### Exercise
Write out each line from the data below that includes the word "fixes".

(Records for processing Opens)

lemma prob_not_prop_m_le:
  fixes n :: nat and p :: real
  defines "L \<equiv> real n * p"
  assumes p: "0 < p" "p \<le> 1" and L: "exp 8 \<le> L"
    and L_large1: "1 + 9/8 * ln L \<le> L powr (3/4) * ln L / (48 * exp 2)"
    and L_large2: "96 * ln (2 * exp 3 * sqrt L) \<le> L powr (1/8) * ln L"
    and L_large3: "2 \<le> L powr (1/3)"
  shows "measure_pmf.prob (gnp n p) {G. \<not> prop_m n p G}
           \<le> (real n + 1) * exp (- (real n / (48 * exp 2 * L powr (3/8))))"
proof -
  define I where "I = {s. s \<le> n \<and> real n / L powr (9/8) \<le> real s \<and> real s \<le> real n / L powr (1/3)}"
  define tt where "tt s = nat \<lceil>theta n p * (real n - real s)\<rceil>" for s
  define Dense where "Dense s = {G. \<exists>S T. S \<subseteq> {..<n} \<and> T \<subseteq> {..<n} \<and> S \<inter> T = {} \<and>
      card S = s \<and> card T = tt s \<and> alpha n p * real s * real (tt s) * p \<le> real (e_between G S T)}" for s
  have "{G. \<not> prop_m n p G} \<subseteq> (\<Union>s\<in>I. Dense s)"
  proof
    fix G
    assume "G \<in> {G. \<not> prop_m n p G}"
    then obtain S T where ST: "S \<subseteq> {..<n}" "T \<subseteq> {..<n}" "S \<inter> T = {}"
      "real n / L powr (9/8) \<le> card S" "card S \<le> real n / L powr (1/3)" "card T = tt (card S)"
      "alpha n p * card S * card T * p \<le> real (e_between G S T)"
      unfolding L_def tt_def by (auto elim: not_prop_m_imp_dense_pair)
    then have "G \<in> Dense (card S)"
      unfolding Dense_def mem_Collect_eq by (intro exI[of _ S] exI[of _ T]) simp
    moreover have "card S \<in> I"
      unfolding I_def using ST card_mono[OF _ ST(1)] by simp
    ultimately show "G \<in> (\<Union>s\<in>I. Dense s)"
      by blast
  qed
  then have "measure_pmf.prob (gnp n p) {G. \<not> prop_m n p G} \<le> measure_pmf.prob (gnp n p) (\<Union>s\<in>I. Dense s)"
    by (rule measure_pmf.finite_measure_mono) simp
  also have "\<dots> \<le> real (card I) * exp (- (real n / (48 * exp 2 * L powr (3/8))))"
  proof (rule prob_UN_le_card_mult)
    show "finite I"
      unfolding I_def by simp
    fix s
    assume s: "s \<in> I"
    have "0 \<le> theta n p * (real n - real s)"
      using s unfolding I_def theta_def by simp
    then have t: "int (tt s) = \<lceil>theta n p * (real n - real s)\<rceil>"
      unfolding tt_def by simp
    have "1 \<le> alpha n p"
      using L exp_ge_add_one_self[of 8] unfolding alpha_def L_def[symmetric] by (simp add: ge_one_powr_ge_zero)
    then have "measure_pmf.prob (gnp n p) (Dense s)
        \<le> real (n choose s) * (real (n choose tt s) * exp (- (alpha n p * (real s * real (tt s) * p) * (ln (alpha n p) - 1))))"
      unfolding Dense_def using p by (intro prob_dense_pair_le) auto
    also have "\<dots> \<le> exp (- (real n / (48 * exp 2 * L powr (3/8))))"
      using s t unfolding I_def L_def
      by (intro dense_pair_union_term_le[OF p L[unfolded L_def] L_large1[unfolded L_def]
            L_large2[unfolded L_def] L_large3[unfolded L_def]]) auto
    finally show "measure_pmf.prob (gnp n p) (Dense s) \<le> exp (- (real n / (48 * exp 2 * L powr (3/8))))" .
  qed
  also have "\<dots> \<le> (real n + 1) * exp (- (real n / (48 * exp 2 * L powr (3/8))))"
  proof (rule mult_right_mono)
    have "card I \<le> card {..n}"
      unfolding I_def by (intro card_mono) auto
    then show "real (card I) \<le> real n + 1"
      by simp
  qed simp
  finally show ?thesis .
qed

section \<open>Property (l): degrees into the complement\<close>

lemma obtain_one_sided_subset:
  fixes d :: "'a \<Rightarrow> real"
  assumes S: "finite S" and x: "x < real (card {v \<in> S. d v \<notin> {lo..hi}})"
  obtains B where "B \<subseteq> S" "card B = nat \<lceil>x / 2\<rceil>" "(\<forall>v\<in>B. hi < d v) \<or> (\<forall>v\<in>B. d v < lo)"
proof -
  let ?up = "{v \<in> S. hi < d v}" and ?dn = "{v \<in> S. d v < lo}"
  have "card {v \<in> S. d v \<notin> {lo..hi}} \<le> card (?up \<union> ?dn)"
    using S by (intro card_mono) auto
  also have "\<dots> \<le> card ?up + card ?dn"
    by (rule card_Un_le)
  finally have "real (card {v \<in> S. d v \<notin> {lo..hi}}) \<le> real (card ?up) + real (card ?dn)"
    by (simp only: of_nat_add[symmetric] of_nat_le_iff)
  then have "x / 2 \<le> real (card ?up) \<or> x / 2 \<le> real (card ?dn)"
    using x by linarith
  moreover have "nat \<lceil>x / 2\<rceil> \<le> c" if "x / 2 \<le> real c" for c
    using that by (simp add: nat_le_iff ceiling_le_iff)
  ultimately have "nat \<lceil>x / 2\<rceil> \<le> card ?up \<or> nat \<lceil>x / 2\<rceil> \<le> card ?dn"
    by blast
  then show ?thesis
  proof
    assume "nat \<lceil>x / 2\<rceil> \<le> card ?up"
    then obtain B where "B \<subseteq> ?up" "card B = nat \<lceil>x / 2\<rceil>"
      by (rule obtain_subset_with_card_n)
    then show ?thesis
      by (intro that[of B]) auto
  next
    assume "nat \<lceil>x / 2\<rceil> \<le> card ?dn"
    then obtain B where "B \<subseteq> ?dn" "card B = nat \<lceil>x / 2\<rceil>"
      by (rule obtain_subset_with_card_n)
    then show ?thesis
      by (intro that[of B]) auto
  qed
qed

lemma deviant_degrees_imp_deviant_subset:
  assumes S: "finite S" and T: "finite T"
    and x: "x < real (card {v \<in> S. real (deg_in G T v) \<notin> {(1 - e) * \<mu> .. (1 + e) * \<mu>}})"
  obtains B where "B \<subseteq> S" "card B = nat \<lceil>x / 2\<rceil>"
    "real (e_between G B T) \<le> (1 - e) * (real (card B) * \<mu>) \<or>
     (1 + e) * (real (card B) * \<mu>) \<le> real (e_between G B T)"
proof -
  obtain B where B: "B \<subseteq> S" "card B = nat \<lceil>x / 2\<rceil>"
    and side: "(\<forall>v\<in>B. (1 + e) * \<mu> < real (deg_in G T v)) \<or> (\<forall>v\<in>B. real (deg_in G T v) < (1 - e) * \<mu>)"
    using obtain_one_sided_subset[OF S x] .
  have "finite B"
    using S B(1) finite_subset by blast
  then have sum: "real (e_between G B T) = (\<Sum>v\<in>B. real (deg_in G T v))"
    using sum_deg_in_eq_e_between[OF _ T, of B G] by (metis of_nat_sum)
  from side have "real (e_between G B T) \<le> (1 - e) * (real (card B) * \<mu>) \<or>
     (1 + e) * (real (card B) * \<mu>) \<le> real (e_between G B T)"
  proof
    assume "\<forall>v\<in>B. (1 + e) * \<mu> < real (deg_in G T v)"
    then have "(\<Sum>v\<in>B. (1 + e) * \<mu>) \<le> real (e_between G B T)"
      unfolding sum by (intro sum_mono) (simp add: less_imp_le)
    then show ?thesis
      by (simp add: mult_ac)
  next
    assume "\<forall>v\<in>B. real (deg_in G T v) < (1 - e) * \<mu>"
    then have "real (e_between G B T) \<le> (\<Sum>v\<in>B. (1 - e) * \<mu>)"
      unfolding sum by (intro sum_mono) (simp add: less_imp_le)
    then show ?thesis
      by (simp add: mult_ac)
  qed
  with B that show ?thesis
    by blast
qed

lemma prob_deviant_subset_le:
  assumes p: "p \<in> {0..1}" and e: "0 \<le> e" "e \<le> 1"
    and ST: "S \<subseteq> {..<n}" "T \<subseteq> {..<n}" "S \<inter> T = {}"
  shows "measure_pmf.prob (gnp n p)
           {G. \<exists>B\<subseteq>S. card B = k \<and>
                 (real (e_between G B T) \<le> (1 - e) * (real k * (real (card T) * p)) \<or>
                  (1 + e) * (real k * (real (card T) * p)) \<le> real (e_between G B T))}
         \<le> real (card S choose k) * (2 * exp (- (e\<^sup>2 * (real k * (real (card T) * p)) / 4)))"
proof -
  define Dev where "Dev B = {G. real (e_between G B T) \<le> (1 - e) * (real k * (real (card T) * p)) \<or>
                  (1 + e) * (real k * (real (card T) * p)) \<le> real (e_between G B T)}" for B
  have "{G. \<exists>B\<subseteq>S. card B = k \<and>
                 (real (e_between G B T) \<le> (1 - e) * (real k * (real (card T) * p)) \<or>
                  (1 + e) * (real k * (real (card T) * p)) \<le> real (e_between G B T))}
        = (\<Union>B\<in>{B. B \<subseteq> S \<and> card B = k}. Dev B)"
    unfolding Dev_def by blast
  also have "measure_pmf.prob (gnp n p) \<dots>
      \<le> real (card S choose k) * (2 * exp (- (e\<^sup>2 * (real k * (real (card T) * p)) / 4)))"
  proof (rule prob_UN_subsets_le)
    show "finite S"
      using ST(1) finite_subset by blast
    fix B
    assume B: "B \<subseteq> S" "card B = k"
    then have BT: "B \<subseteq> {..<n}" "B \<inter> T = {}"
      using ST by auto
    have "measure_pmf.prob (gnp n p) (Dev B)
        = measure_pmf.prob (binomial_pmf (card B * card T) p)
            {j. real j \<le> (1 - e) * (real (card B * card T) * p) \<or> (1 + e) * (real (card B * card T) * p) \<le> real j}"
      unfolding Dev_def using prob_gnp_e_between[OF p BT(1) ST(2) BT(2)] B(2) by (simp add: mult_ac)
    also have "\<dots> \<le> 2 * exp (- (e\<^sup>2 * (real (card B * card T) * p) / 4))"
      by (rule binomial_pmf_two_sided_tail[OF p e])
    finally show "measure_pmf.prob (gnp n p) (Dev B) \<le> 2 * exp (- (e\<^sup>2 * (real k * (real (card T) * p)) / 4))"
      using B(2) by (simp add: mult_ac)
  qed
  finally show ?thesis .
qed

lemma deviant_subset_exponent_le:
  fixes L n d k mn X :: real
  assumes L: "2 * exp 2 \<le> L"
    and L_large: "ln (exp 1 * L\<^sup>2) \<le> d\<^sup>2 * sqrt L / (48 * exp 2)"
    and k: "0 \<le> k" and mn: "0 \<le> mn"
    and X_k: "k * sqrt L \<le> X" and X_mn: "mn * sqrt L / (4 * exp 2) \<le> X"
    and X_n: "n / (2 * exp 2 * L\<^sup>2) \<le> X"
  shows "mn * ln (exp 1 * L\<^sup>2) + k * ln (2 * exp 3 * sqrt L) - d\<^sup>2 * X / 4
           \<le> - (d\<^sup>2 * n / (24 * exp 2 * L\<^sup>2))"
proof -
  have L0: "0 < L"
    using L exp_gt_zero[of 2] by linarith
  have L1: "1 \<le> L"
    using L exp_ge_add_one_self[of 2] by linarith
  have "mn * ln (exp 1 * L\<^sup>2) \<le> mn * (d\<^sup>2 * sqrt L / (48 * exp 2))"
    using L_large mn by (rule mult_left_mono)
  also have "\<dots> = d\<^sup>2 * (mn * sqrt L / (4 * exp 2)) / 12"
    by simp
  also have "\<dots> \<le> d\<^sup>2 * X / 12"
    using X_mn by (intro divide_right_mono mult_left_mono) auto
  finally have part1: "mn * ln (exp 1 * L\<^sup>2) \<le> d\<^sup>2 * X / 12" .
  have "sqrt L \<le> sqrt (L * L)"
    using L1 by (intro real_sqrt_le_mono) (simp add: mult_left_le)
  then have "sqrt L \<le> L"
    using L0 by simp
  then have "exp 1 * ((2 * exp 2) * sqrt L) \<le> exp 1 * (L * L)"
    using L L0 by (intro mult_left_mono mult_mono) auto
  then have "2 * exp 3 * sqrt L \<le> exp 1 * L\<^sup>2"
    using exp_add[of 1 "2::real"] by (simp add: power2_eq_square mult_ac)
  then have "ln (2 * exp 3 * sqrt L) \<le> ln (exp 1 * L\<^sup>2)"
    using L0 by (subst ln_le_cancel_iff) auto
  also have "\<dots> \<le> d\<^sup>2 * sqrt L / 12"
  proof -
    have "(12::real) \<le> 48 * exp 2"
      using exp_ge_add_one_self[of 2] by linarith
    then have "d\<^sup>2 * sqrt L / (48 * exp 2) \<le> d\<^sup>2 * sqrt L / 12"
      using L0 by (intro divide_left_mono) auto
    then show ?thesis
      using L_large by linarith
  qed
  finally have "k * ln (2 * exp 3 * sqrt L) \<le> k * (d\<^sup>2 * sqrt L / 12)"
    using k by (intro mult_left_mono) auto
  also have "\<dots> = d\<^sup>2 * (k * sqrt L) / 12"
    by simp
  also have "\<dots> \<le> d\<^sup>2 * X / 12"
    using X_k by (intro divide_right_mono mult_left_mono) auto
  finally have part2: "k * ln (2 * exp 3 * sqrt L) \<le> d\<^sup>2 * X / 12" .
  have "d\<^sup>2 * (n / (2 * exp 2 * L\<^sup>2)) / 12 \<le> d\<^sup>2 * X / 12"
    using X_n by (intro divide_right_mono mult_left_mono) auto
  then have part3: "d\<^sup>2 * n / (24 * exp 2 * L\<^sup>2) \<le> d\<^sup>2 * X / 12"
    by (simp add: field_simps)
  show ?thesis
    using part1 part2 part3 by linarith
qed

lemma deviant_subset_mass_bounds:
  fixes n s k :: nat and p :: real
  defines "L \<equiv> real n * p" and "X \<equiv> real k * ((real n - real s) * p)"
  assumes p: "0 < p" and L: "1 \<le> L"
    and s: "real n / L\<^sup>2 \<le> real s" "real s \<le> n1 n p"
    and k: "theta n p * real s / 2 \<le> real k"
  shows "real k * sqrt L \<le> X" "min (real s) (real n - real s) * sqrt L / (4 * exp 2) \<le> X"
    and "real n / (2 * exp 2 * L\<^sup>2) \<le> X"
proof -
  define m where "m = real n - real s"
  have L0: "0 < L"
    using L by linarith
  have n0: "0 < real n"
    using L0 p unfolding L_def by (simp add: zero_less_mult_iff)
  have th_eq: "theta n p = 1 / (exp 2 * sqrt L)"
    unfolding theta_def L_def[symmetric] using L0 by (simp add: powr_half_sqrt)
  have th_L: "theta n p * L = sqrt L / exp 2"
    unfolding th_eq using L0 by (simp add: field_simps real_sqrt_mult[symmetric])
  have m: "real n / sqrt L \<le> m"
    using s(2) L0 unfolding m_def n1_def L_def[symmetric] by (simp add: powr_half_sqrt)
  have "0 < real n / L\<^sup>2" "0 < real n / sqrt L"
    using n0 L0 by simp_all
  then have s0: "0 < real s" and m0: "0 < m"
    using s(1) m by linarith+
  have k0: "0 \<le> real k"
    by simp
  have "m * p \<ge> real n / sqrt L * p"
    using m p by (intro mult_right_mono) auto
  also have "real n / sqrt L * p = L / sqrt L"
    unfolding L_def by simp
  also have "\<dots> = sqrt L"
    using L0 by (simp add: real_div_sqrt)
  finally have mp: "sqrt L \<le> m * p" .
  show X_k: "real k * sqrt L \<le> X"
    unfolding X_def m_def[symmetric] using mp by (intro mult_left_mono) auto
  have sm: "min (real s) m * (real n / 2) \<le> real s * m"
    using s0 m0 unfolding m_def by (cases "real s \<le> m") (auto simp: min_def mult_left_mono mult_right_mono)
  have "min (real s) m * sqrt L / (4 * exp 2) = min (real s) m * (theta n p * L) / 4"
    by (simp add: th_L)
  also have "\<dots> = theta n p * p / 2 * (min (real s) m * (real n / 2))"
    unfolding L_def by (simp add: field_simps)
  also have "\<dots> \<le> theta n p * p / 2 * (real s * m)"
    using sm by (rule mult_left_mono) (use th_eq L0 p in simp)
  also have "\<dots> = theta n p * real s / 2 * (m * p)"
    by simp
  also have "\<dots> \<le> X"
    unfolding X_def m_def[symmetric] using k mp L0 order_trans[OF _ mp] by (intro mult_right_mono) auto
  finally show "min (real s) (real n - real s) * sqrt L / (4 * exp 2) \<le> X"
    unfolding m_def .
  have "real n / (2 * exp 2 * L\<^sup>2) \<le> real s / (2 * exp 2)"
    using s(1) by (simp add: divide_right_mono field_simps)
  also have "\<dots> = theta n p * real s / 2 * sqrt L"
    unfolding th_eq using L0 by (simp add: field_simps)
  also have "\<dots> \<le> real k * sqrt L"
    using k L0 by (intro mult_right_mono) auto
  finally show "real n / (2 * exp 2 * L\<^sup>2) \<le> X"
    using X_k by linarith
qed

(Records for processing Closes)

### Solution to this exercise
  fixes n :: nat and p :: real
  fixes d :: "'a \<Rightarrow> real"
  fixes L n d k mn X :: real
  fixes n s k :: nat and p :: real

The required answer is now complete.